Step 4: Integrate into a Transformer Block
Replace the standard FFN in your transformer with the MoE layer:
class MoETransformerBlock(nn.Module):
def __init__(self, d_model: int, d_ff: int, n_heads: int,
num_experts: int = 8, top_k: int = 2):
super().__init__()
self.attn = nn.MultiheadAttention(d_model, n_heads, batch_first=True)
self.moe = SparseMoE(d_model, d_ff, num_experts, top_k)
self.norm1 = nn.LayerNorm(d_model)
self.norm2 = nn.LayerNorm(d_model)
def forward(self, x: torch.Tensor):
# Self-attention with residual
attn_out, _ = self.attn(x, x, x)
x = self.norm1(x + attn_out)
# MoE with residual
moe_out, aux_loss = self.moe(x)
x = self.norm2(x + moe_out)
return x, aux_loss
The training loop accumulates auxiliary loss across all MoE layers:
total_loss = cross_entropy_loss + 0.01 * sum(aux_losses)
Step 5: Performance Considerations
Production MoE implementations add several optimizations that our toy version lacks:
- Token dropping / capacity factors: When an expert's token queue exceeds capacity, excess tokens are dropped or rerouted.
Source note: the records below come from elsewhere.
lemma abs_power_le_powr:
  fixes \<theta> a :: real
  assumes "\<bar>\<theta>\<bar> \<le> 1" "a \<le> real w" "1 \<le> w"
  shows "\<bar>\<theta>\<bar> ^ w \<le> \<bar>\<theta>\<bar> powr a"
proof (cases "\<theta> = 0")
  case False
  then have "\<bar>\<theta>\<bar> powr real w \<le> \<bar>\<theta>\<bar> powr a" using assms by (intro powr_mono') auto
  then show ?thesis using False by (simp add: powr_realpow)
qed (use assms in \<open>simp add: power_0_left\<close>)

lemma hamming_pos:
  assumes "x \<in> bvecs k" "x' \<in> bvecs k" "x' \<noteq> x"
  shows "1 \<le> hamming k x x'"
proof -
  obtain i where i: "x i \<noteq> x' i" using assms(3) by auto
  then have "i < k" using assms(1,2) unfolding bvecs_def by (rule_tac ccontr) auto
  then have "card {i} \<le> card {i. i < k \<and> x i \<noteq> x' i}" using i by (intro card_mono) auto
  then show ?thesis unfolding hamming_def by simp
qed

lemma sum_power_hamming: "(\<Sum>x'\<in>bvecs k. lam ^ hamming k x x') = (1 + lam :: real) ^ k"
proof -
  have "(\<Sum>x'\<in>bvecs k. lam ^ hamming k x x') = (\<Sum>x'\<in>bvecs k. \<Prod>i<k. if x i \<noteq> x' i then lam else 1)"
    by (simp add: power_hamming)
  also have "\<dots> = (\<Prod>i<k. 1 + lam)" by (subst sum_bvecs_prod) (intro prod.cong refl, auto)
  finally show ?thesis by simp
qed

lemma card_near_msgs:
  fixes lam dl :: real
  assumes "0 < lam" "lam \<le> 1"
  shows "real (card (near_msgs k dl x)) \<le> (1 + lam) ^ k * lam powr (- (dl * k))"
proof -
  have one_le: "1 \<le> lam ^ hamming k x x' * lam powr (- (dl * k))" if "x' \<in> near_msgs k dl x" for x'
  proof -
    have "lam powr (dl * k) \<le> lam powr real (hamming k x x')"
      using that assms unfolding near_msgs_def by (intro powr_mono') auto
    then have "lam powr (dl * k) * lam powr (- (dl * k)) \<le> lam ^ hamming k x x' * lam powr (- (dl * k))"
      using assms by (simp add: powr_realpow mult_right_mono)
    then show ?thesis using assms by (simp flip: powr_add)
  qed
  have "real (card (near_msgs k dl x)) = (\<Sum>x'\<in>near_msgs k dl x. 1)" by simp
  also have "\<dots> \<le> (\<Sum>x'\<in>near_msgs k dl x. lam ^ hamming k x x' * lam powr (- (dl * k)))"
    by (rule sum_mono[OF one_le])
  also have "\<dots> \<le> (\<Sum>x'\<in>bvecs k. lam ^ hamming k x x' * lam powr (- (dl * k)))"
    using assms by (intro sum_mono2[OF finite_bvecs]) (auto simp: near_msgs_def)
  also have "\<dots> = (1 + lam) ^ k * lam powr (- (dl * k))"
    by (simp add: sum_distrib_right[symmetric] sum_power_hamming)
  finally show ?thesis .
qed

lemma card_far_msgs: "real (card (far_msgs k dl x)) \<le> 2 ^ k"
proof -
  have "card (far_msgs k dl x) \<le> card (bvecs k)"
    by (rule card_mono[OF finite_bvecs]) (auto simp: far_msgs_def)
  then show ?thesis by (simp add: card_bvecs)
qed

lemma near_mixture_sum_bound:
  assumes x: "x \<in> bvecs k" and PQ: "0 \<le> P" "0 \<le> Q" and \<theta>: "\<bar>\<theta>\<bar> \<le> 1" and lam: "0 < lam" "lam \<le> 1"
  shows "(\<Sum>x'\<in>near_msgs k dl x. mixture P Q \<theta> (hamming k x x') ^ n)
    \<le> (1 + lam) ^ k * lam powr (- (dl * k)) * ((P + Q) / 2 + \<bar>P - Q\<bar> / 2 * \<bar>\<theta>\<bar>) ^ n"
proof -
  have "mixture P Q \<theta> (hamming k x x') \<le> (P + Q) / 2 + \<bar>P - Q\<bar> / 2 * \<bar>\<theta>\<bar>"
    if "x' \<in> near_msgs k dl x" for x'
  proof -
    have w: "1 \<le> hamming k x x'" using that hamming_pos[OF x] unfolding near_msgs_def by auto
    have "\<bar>\<theta>\<bar> ^ hamming k x x' \<le> \<bar>\<theta>\<bar> powr 1"
      using w \<theta> by (intro abs_power_le_powr) auto
    then have "\<bar>P - Q\<bar> / 2 * \<bar>\<theta>\<bar> ^ hamming k x x' \<le> \<bar>P - Q\<bar> / 2 * \<bar>\<theta>\<bar>"
      by (simp add: mult_left_mono)
    then show ?thesis using mixture_bounds(2)[OF PQ \<theta>] by (meson add_left_mono order_trans)
  qed
  then have "(\<Sum>x'\<in>near_msgs k dl x. mixture P Q \<theta> (hamming k x x') ^ n)
      \<le> real (card (near_msgs k dl x)) * ((P + Q) / 2 + \<bar>P - Q\<bar> / 2 * \<bar>\<theta>\<bar>) ^ n"
    using sum_mono[where K = "near_msgs k dl x" and g = "\<lambda>_. ((P + Q) / 2 + \<bar>P - Q\<bar> / 2 * \<bar>\<theta>\<bar>) ^ n"]
    by (simp add: power_mono mixture_bounds(1)[OF PQ \<theta>])
  also have "\<dots> \<le> (1 + lam) ^ k * lam powr (- (dl * k)) * ((P + Q) / 2 + \<bar>P - Q\<bar> / 2 * \<bar>\<theta>\<bar>) ^ n"
    using PQ by (intro mult_right_mono card_near_msgs[OF lam]) auto
  finally show ?thesis .
qed

lemma far_mixture_sum_bound:
  assumes PQ: "0 \<le> P" "0 \<le> Q" and \<theta>: "\<bar>\<theta>\<bar> \<le> 1" and dl: "0 \<le> dl"
  shows "(\<Sum>x'\<in>far_msgs k dl x. mixture P Q \<theta> (hamming k x x') ^ n)
    \<le> 2 ^ k * ((P + Q) / 2 + \<bar>P - Q\<bar> / 2 * \<bar>\<theta>\<bar> powr (dl * k)) ^ n"
proof -
  have "mixture P Q \<theta> (hamming k x x') \<le> (P + Q) / 2 + \<bar>P - Q\<bar> / 2 * \<bar>\<theta>\<bar> powr (dl * k)"
    if "x' \<in> far_msgs k dl x" for x'
  proof -
    have w: "dl * k < real (hamming k x x')" using that unfolding far_msgs_def by auto
    moreover have "0 \<le> dl * k" using dl by simp
    ultimately have "(0::real) < real (hamming k x x')" by linarith
    then have "\<bar>\<theta>\<bar> ^ hamming k x x' \<le> \<bar>\<theta>\<bar> powr (dl * k)"
      using w \<theta> by (intro abs_power_le_powr) auto
    then have "\<bar>P - Q\<bar> / 2 * \<bar>\<theta>\<bar> ^ hamming k x x' \<le> \<bar>P - Q\<bar> / 2 * \<bar>\<theta>\<bar> powr (dl * k)"
      by (simp add: mult_left_mono)
    then show ?thesis using mixture_bounds(2)[OF PQ \<theta>] by (meson add_left_mono order_trans)
  qed
  then have "(\<Sum>x'\<in>far_msgs k dl x. mixture P Q \<theta> (hamming k x x') ^ n)
      \<le> real (card (far_msgs k dl x)) * ((P + Q) / 2 + \<bar>P - Q\<bar> / 2 * \<bar>\<theta>\<bar> powr (dl * k)) ^ n"
    using sum_mono[where K = "far_msgs k dl x" and g = "\<lambda>_. ((P + Q) / 2 + \<bar>P - Q\<bar> / 2 * \<bar>\<theta>\<bar> powr (dl * k)) ^ n"]
    by (simp add: power_mono mixture_bounds(1)[OF PQ \<theta>])
  also have "\<dots> \<le> 2 ^ k * ((P + Q) / 2 + \<bar>P - Q\<bar> / 2 * \<bar>\<theta>\<bar> powr (dl * k)) ^ n"
    using PQ by (intro mult_right_mono card_far_msgs) auto
  finally show ?thesis .
qed

lemma bhattacharyya_lt_1:
  assumes "0 < e" "e < 1 / 2"
  shows "2 * sqrt (e * (1 - e)) < 1"
proof -
  have "0 < (1 - 2 * e) ^ 2" using assms by simp
  then have "4 * (e * (1 - e)) < 1" by (simp add: power2_eq_square algebra_simps)
  then have "sqrt (4 * (e * (1 - e))) < 1" by simp
  then show ?thesis by (simp add: real_sqrt_mult)
qed

lemma ensemble_error_explicit:
  assumes e: "0 < e" "e < 1 / 2" and s: "1 < s" and dl: "0 \<le> dl" and \<rho>: "0 \<le> \<rho>" "\<rho> \<le> 1"
    and lam: "0 < lam" "lam \<le> 1"
  defines "r \<equiv> e / (1 - e)" and "Z \<equiv> 2 * sqrt (e * (1 - e))" and "\<theta> \<equiv> 1 - 2 * \<rho>"
  defines "A0 \<equiv> 1 - e + e * r" and "A1 \<equiv> (1 - e) * r + e"
  shows "ensemble_error e \<rho> n k
    \<le> (1 + lam) ^ k * lam powr (- (dl * k)) * ((1 + Z) / 2 + (1 - Z) / 2 * \<bar>\<theta>\<bar>) ^ n
      + (1 - e + e * s) ^ n * s powr (- t)
      + r powr (- t) * 2 ^ k * ((A0 + A1) / 2 + \<bar>A0 - A1\<bar> / 2 * \<bar>\<theta>\<bar> powr (dl * k)) ^ n"
    (is "_ \<le> ?near + ?noise + r powr (- t) * 2 ^ k * ?far")
proof -
  have Z: "0 \<le> Z" "\<bar>1 - Z\<bar> = 1 - Z" using bhattacharyya_lt_1[OF e] e unfolding Z_def by auto
  have A: "0 \<le> A0" "0 \<le> A1" unfolding A0_def A1_def r_def using e by auto
  have \<theta>: "\<bar>\<theta>\<bar> \<le> 1" unfolding \<theta>_def using \<rho> by simp
  have near: "(\<Sum>x'\<in>near_msgs k dl x. mixture 1 Z \<theta> (hamming k x x') ^ n) \<le> ?near"
    if "x \<in> bvecs k" for x
    using near_mixture_sum_bound[OF that zero_le_one Z(1) \<theta> lam, where dl = dl and n = n] Z(2) by simp
  have far: "(\<Sum>x'\<in>far_msgs k dl x. mixture A0 A1 \<theta> (hamming k x x') ^ n) \<le> 2 ^ k * ?far" for x
    by (rule far_mixture_sum_bound[OF A \<theta> dl])
  have "ensemble_error e \<rho> n k \<le> (\<Sum>x\<in>bvecs k.
      (\<Sum>x'\<in>near_msgs k dl x. mixture 1 Z \<theta> (hamming k x x') ^ n)
    + ?noise + r powr (- t) * (\<Sum>x'\<in>far_msgs k dl x. mixture A0 A1 \<theta> (hamming k x x') ^ n)) / 2 ^ k"
    unfolding Z_def A0_def A1_def r_def \<theta>_def by (rule ensemble_error_le[OF e s dl \<rho>])
  also have "\<dots> \<le> (\<Sum>x\<in>bvecs k. ?near + ?noise + r powr (- t) * (2 ^ k * ?far)) / 2 ^ k"
    using near far e s by (intro divide_right_mono sum_mono add_mono mult_left_mono) auto
  also have "\<dots> = ?near + ?noise + r powr (- t) * 2 ^ k * ?far"
    by (simp add: card_bvecs)
  finally show ?thesis .
qed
This prevents OOM during training but requires careful capacity tuning.
- Expert parallelism: Distribute experts across multiple GPUs. Each GPU holds a subset of experts, and all-to-all communication routes tokens. DeepSpeed and Megatron-LM implement this.
- Grouped GEMM: Batch matrix multiplications across experts using CUTLASS kernels for better GPU utilization.
- FP8 training: MoE layers benefit significantly from mixed precision due to the sparse activation pattern.
Practical Tips
- Start with 4 experts, top-2 routing for initial experiments. Scale to 8-16 experts once routing stabilizes.
- Use a warmup phase for the auxiliary loss coefficient — start at 0.0 and ramp to 0.01 over the first 10% of training.
- Monitor expert utilization histograms during training. If one expert dominates, increase the aux loss weight.
- For inference, pre-compute the expert assignment map to minimize routing overhead.
When to Use MoE
MoE is not always the answer. It shines when you have abundant memory but limited compute budget per token — typical for deployment of large models. For smaller models or training on a single GPU, a well-tuned dense model often outperforms a sparse one due to better hardware utilization and simpler optimization dynamics.
The sweet spot: models with 7B+ parameters where you want to push capability without proportional inference cost increases. That is exactly why Mistral chose MoE for Mixtral — 46.7B parameters with only 12.9B active per token.
Next Steps
Once you have the basic MoE working, experiment with:
- Noisy Top-K gating: Add Gumbel noise to router logits for exploration during training.
- Soft routing: Use all experts with smoothed weights instead of hard Top-K.
- Cross-layer expert sharing: Reuse the same expert set across multiple transformer layers to reduce total parameters.
Building MoE from scratch teaches you why modern LLMs are architected the way they are — and gives you the foundation to experiment with the next generation of sparse models.